→ **INSTRUCTIONS FOR THE TASK**
With no edits of any kind, print each record that follows.

[Saved data entries]
lemma g_along_flow_line:
  assumes in_U: "flow_line z ` {0..T} \<subseteq> U" and t: "t \<in> {0..T}"
  shows "g (flow_line z t) = exp (- t) *\<^sub>R g z"
proof -
  have "compact (flow_line z ` {0..T})"
    by (intro compact_continuous_image continuous_on_flow_line compact_Icc)
  moreover have "linear (Dg q)" if "q \<in> flow_line z ` {0..T}" for q
    using g_has_derivative that in_U by (blast intro: has_derivative_linear)
  moreover have "continuous_on (flow_line z ` {0..T}) (\<lambda>q. Dg q h)" for h
    using Dg_continuous in_U by (rule continuous_on_subset)
  ultimately obtain M where M: "\<And>q h. q \<in> flow_line z ` {0..T} \<Longrightarrow> norm (Dg q h) \<le> M * norm h"
    using linear_family_bounded_on_compact by metis
  define v where "v s = g (flow_line z s) - exp (- s) *\<^sub>R g z" for s
  (* by Dg_g, the derivative of v can be written in terms of v itself *)
  define v' where "v' s = Dg (flow_line z s) (v s) - v s" for s
  have "v t = 0"
  proof (rule vanishing_if_derivative_norm_bounded[where v' = v' and T = T and C = "M + 1"])
    fix s assume s: "s \<in> {0..T}"
    then have q: "flow_line z s \<in> U" using in_U by auto
    have lin: "linear (Dg (flow_line z s))" using g_has_derivative[OF q] by (rule has_derivative_linear)
    have "(g \<circ> flow_line z has_vector_derivative Dg (flow_line z s) (- (exp (- s) *\<^sub>R g z))) (at s)"
      by (rule vector_derivative_diff_chain_within[OF flow_line_has_vector_derivative
          has_derivative_at_withinI[OF g_has_derivative[OF q]]])
    moreover have "Dg (flow_line z s) (- (exp (- s) *\<^sub>R g z)) + exp (- s) *\<^sub>R g z = v' s"
      unfolding v'_def v_def
      using Dg_g[OF q] linear_diff[OF lin] linear_neg[OF lin] linear_scale[OF lin] by simp
    ultimately show "(v has_vector_derivative v' s) (at s)"
      unfolding v_def o_def by (auto intro!: derivative_eq_intros)
    have "norm (v' s) \<le> norm (Dg (flow_line z s) (v s)) + norm (v s)"
      unfolding v'_def by (rule norm_triangle_ineq4)
    also have "\<dots> \<le> (M + 1) * norm (v s)" using M[of "flow_line z s" "v s"] s by (auto simp: algebra_simps)
    finally show "norm (v' s) \<le> (M + 1) * norm (v s)" .
  qed (use t in \<open>simp_all add: v_def\<close>)
  then show ?thesis by (simp add: v_def)
qed

lemma flow_line_solves_flow:
  assumes "\<And>s. 0 \<le> s \<Longrightarrow> flow_line z s \<in> U" and "0 \<le> t"
  shows "(flow_line z has_vector_derivative - g (flow_line z t)) (at t within S)"
proof -
  have "flow_line z ` {0..t} \<subseteq> U" using assms(1) by auto
  then show ?thesis
    using flow_line_has_vector_derivative g_along_flow_line[of z t t] assms(2) by simp
qed

lemma solution_eq_flow_line_while_in_U:
  assumes y0: "y 0 = z"
    and deriv: "\<And>s. s \<in> {0..T} \<Longrightarrow> (y has_vector_derivative - g (y s)) (at s within {0..T})"
    and in_U: "y ` {0..T} \<subseteq> U" and t: "t \<in> {0..T}"
  shows "y t = flow_line z t"
proof -
  have exp_g_deriv: "((\<lambda>s. exp s *\<^sub>R g (y s)) has_vector_derivative 0) (at s within {0..T})"
    if s: "s \<in> {0..T}" for s
  proof -
    have q: "y s \<in> U" using in_U s by auto
    have "(g \<circ> y has_vector_derivative Dg (y s) (- g (y s))) (at s within {0..T})"
      by (rule vector_derivative_diff_chain_within[OF deriv[OF s]
          has_derivative_at_withinI[OF g_has_derivative[OF q]]])
    moreover have "Dg (y s) (- g (y s)) = - g (y s)"
      using Dg_g[OF q] linear_neg[OF has_derivative_linear[OF g_has_derivative[OF q]]] by simp
    ultimately show ?thesis unfolding o_def by (auto intro!: derivative_eq_intros)
  qed
  have g_y: "g (y s) = exp (- s) *\<^sub>R g z" if "s \<in> {0..T}" for s
  proof -
    have "exp s *\<^sub>R g (y s) = g z"
      using has_vector_derivative_zero_imp_eq[OF exp_g_deriv that] y0 by simp
    then have "exp (- s) *\<^sub>R (exp s *\<^sub>R g (y s)) = exp (- s) *\<^sub>R g z" by simp
    then show ?thesis by (simp add: exp_add[symmetric])
  qed
  have diff_deriv: "((\<lambda>s. y s - flow_line z s) has_vector_derivative 0) (at s within {0..T})"
    if "s \<in> {0..T}" for s
    using has_vector_derivative_diff[OF deriv[OF that] flow_line_has_vector_derivative[of z]]
    by (simp add: g_y[OF that])
  show ?thesis using has_vector_derivative_zero_imp_eq[OF diff_deriv t] y0 by simp
qed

→ **EXPECTED OUTPUT**
lemma g_along_flow_line:
  assumes in_U: "flow_line z ` {0..T} \<subseteq> U" and t: "t \<in> {0..T}"
  shows "g (flow_line z t) = exp (- t) *\<^sub>R g z"
proof -
  have "compact (flow_line z ` {0..T})"
    by (intro compact_continuous_image continuous_on_flow_line compact_Icc)
  moreover have "linear (Dg q)" if "q \<in> flow_line z ` {0..T}" for q
    using g_has_derivative that in_U by (blast intro: has_derivative_linear)
  moreover have "continuous_on (flow_line z ` {0..T}) (\<lambda>q. Dg q h)" for h
    using Dg_continuous in_U by (rule continuous_on_subset)
  ultimately obtain M where M: "\<And>q h. q \<in> flow_line z ` {0..T} \<Longrightarrow> norm (Dg q h) \<le> M * norm h"
    using linear_family_bounded_on_compact by metis
  define v where "v s = g (flow_line z s) - exp (- s) *\<^sub>R g z" for s
  (* by Dg_g, the derivative of v can be written in terms of v itself *)
  define v' where "v' s = Dg (flow_line z s) (v s) - v s" for s
  have "v t = 0"
  proof (rule vanishing_if_derivative_norm_bounded[where v' = v' and T = T and C = "M + 1"])
    fix s assume s: "s \<in> {0..T}"
    then have q: "flow_line z s \<in> U" using in_U by auto
    have lin: "linear (Dg (flow_line z s))" using g_has_derivative[OF q] by (rule has_derivative_linear)
    have "(g \<circ> flow_line z has_vector_derivative Dg (flow_line z s) (- (exp (- s) *\<^sub>R g z))) (at s)"
      by (rule vector_derivative_diff_chain_within[OF flow_line_has_vector_derivative
          has_derivative_at_withinI[OF g_has_derivative[OF q]]])
    moreover have "Dg (flow_line z s) (- (exp (- s) *\<^sub>R g z)) + exp (- s) *\<^sub>R g z = v' s"
      unfolding v'_def v_def
      using Dg_g[OF q] linear_diff[OF lin] linear_neg[OF lin] linear_scale[OF lin] by simp
    ultimately show "(v has_vector_derivative v' s) (at s)"
      unfolding v_def o_def by (auto intro!: derivative_eq_intros)
    have "norm (v' s) \<le> norm (Dg (flow_line z s) (v s)) + norm (v s)"
      unfolding v'_def by (rule norm_triangle_ineq4)
    also have "\<dots> \<le> (M + 1) * norm (v s)" using M[of "flow_line z s" "v s"] s by (auto simp: algebra_simps)
    finally show "norm (v' s) \<le> (M + 1) * norm (v s)" .
  qed (use t in \<open>simp_all add: v_def\<close>)
  then show ?thesis by (simp add: v_def)
qed

lemma flow_line_solves_flow:
  assumes "\<And>s. 0 \<le> s \<Longrightarrow> flow_line z s \<in> U" and "0 \<le> t"
  shows "(flow_line z has_vector_derivative - g (flow_line z t)) (at t within S)"
proof -
  have "flow_line z ` {0..t} \<subseteq> U" using assms(1) by auto
  then show ?thesis
    using flow_line_has_vector_derivative g_along_flow_line[of z t t] assms(2) by simp
qed

lemma solution_eq_flow_line_while_in_U:
  assumes y0: "y 0 = z"
    and deriv: "\<And>s. s \<in> {0..T} \<Longrightarrow> (y has_vector_derivative - g (y s)) (at s within {0..T})"
    and in_U: "y ` {0..T} \<subseteq> U" and t: "t \<in> {0..T}"
  shows "y t = flow_line z t"
proof -
  have exp_g_deriv: "((\<lambda>s. exp s *\<^sub>R g (y s)) has_vector_derivative 0) (at s within {0..T})"
    if s: "s \<in> {0..T}" for s
  proof -
    have q: "y s \<in> U" using in_U s by auto
    have "(g \<circ> y has_vector_derivative Dg (y s) (- g (y s))) (at s within {0..T})"
      by (rule vector_derivative_diff_chain_within[OF deriv[OF s]
          has_derivative_at_withinI[OF g_has_derivative[OF q]]])
    moreover have "Dg (y s) (- g (y s)) = - g (y s)"
      using Dg_g[OF q] linear_neg[OF has_derivative_linear[OF g_has_derivative[OF q]]] by simp
    ultimately show ?thesis unfolding o_def by (auto intro!: derivative_eq_intros)
  qed
  have g_y: "g (y s) = exp (- s) *\<^sub>R g z" if "s \<in> {0..T}" for s
  proof -
    have "exp s *\<^sub>R g (y s) = g z"
      using has_vector_derivative_zero_imp_eq[OF exp_g_deriv that] y0 by simp
    then have "exp (- s) *\<^sub>R (exp s *\<^sub>R g (y s)) = exp (- s) *\<^sub>R g z" by simp
    then show ?thesis by (simp add: exp_add[symmetric])
  qed
  have diff_deriv: "((\<lambda>s. y s - flow_line z s) has_vector_derivative 0) (at s within {0..T})"
    if "s \<in> {0..T}" for s
    using has_vector_derivative_diff[OF deriv[OF that] flow_line_has_vector_derivative[of z]]
    by (simp add: g_y[OF that])
  show ?thesis using has_vector_derivative_zero_imp_eq[OF diff_deriv t] y0 by simp
qed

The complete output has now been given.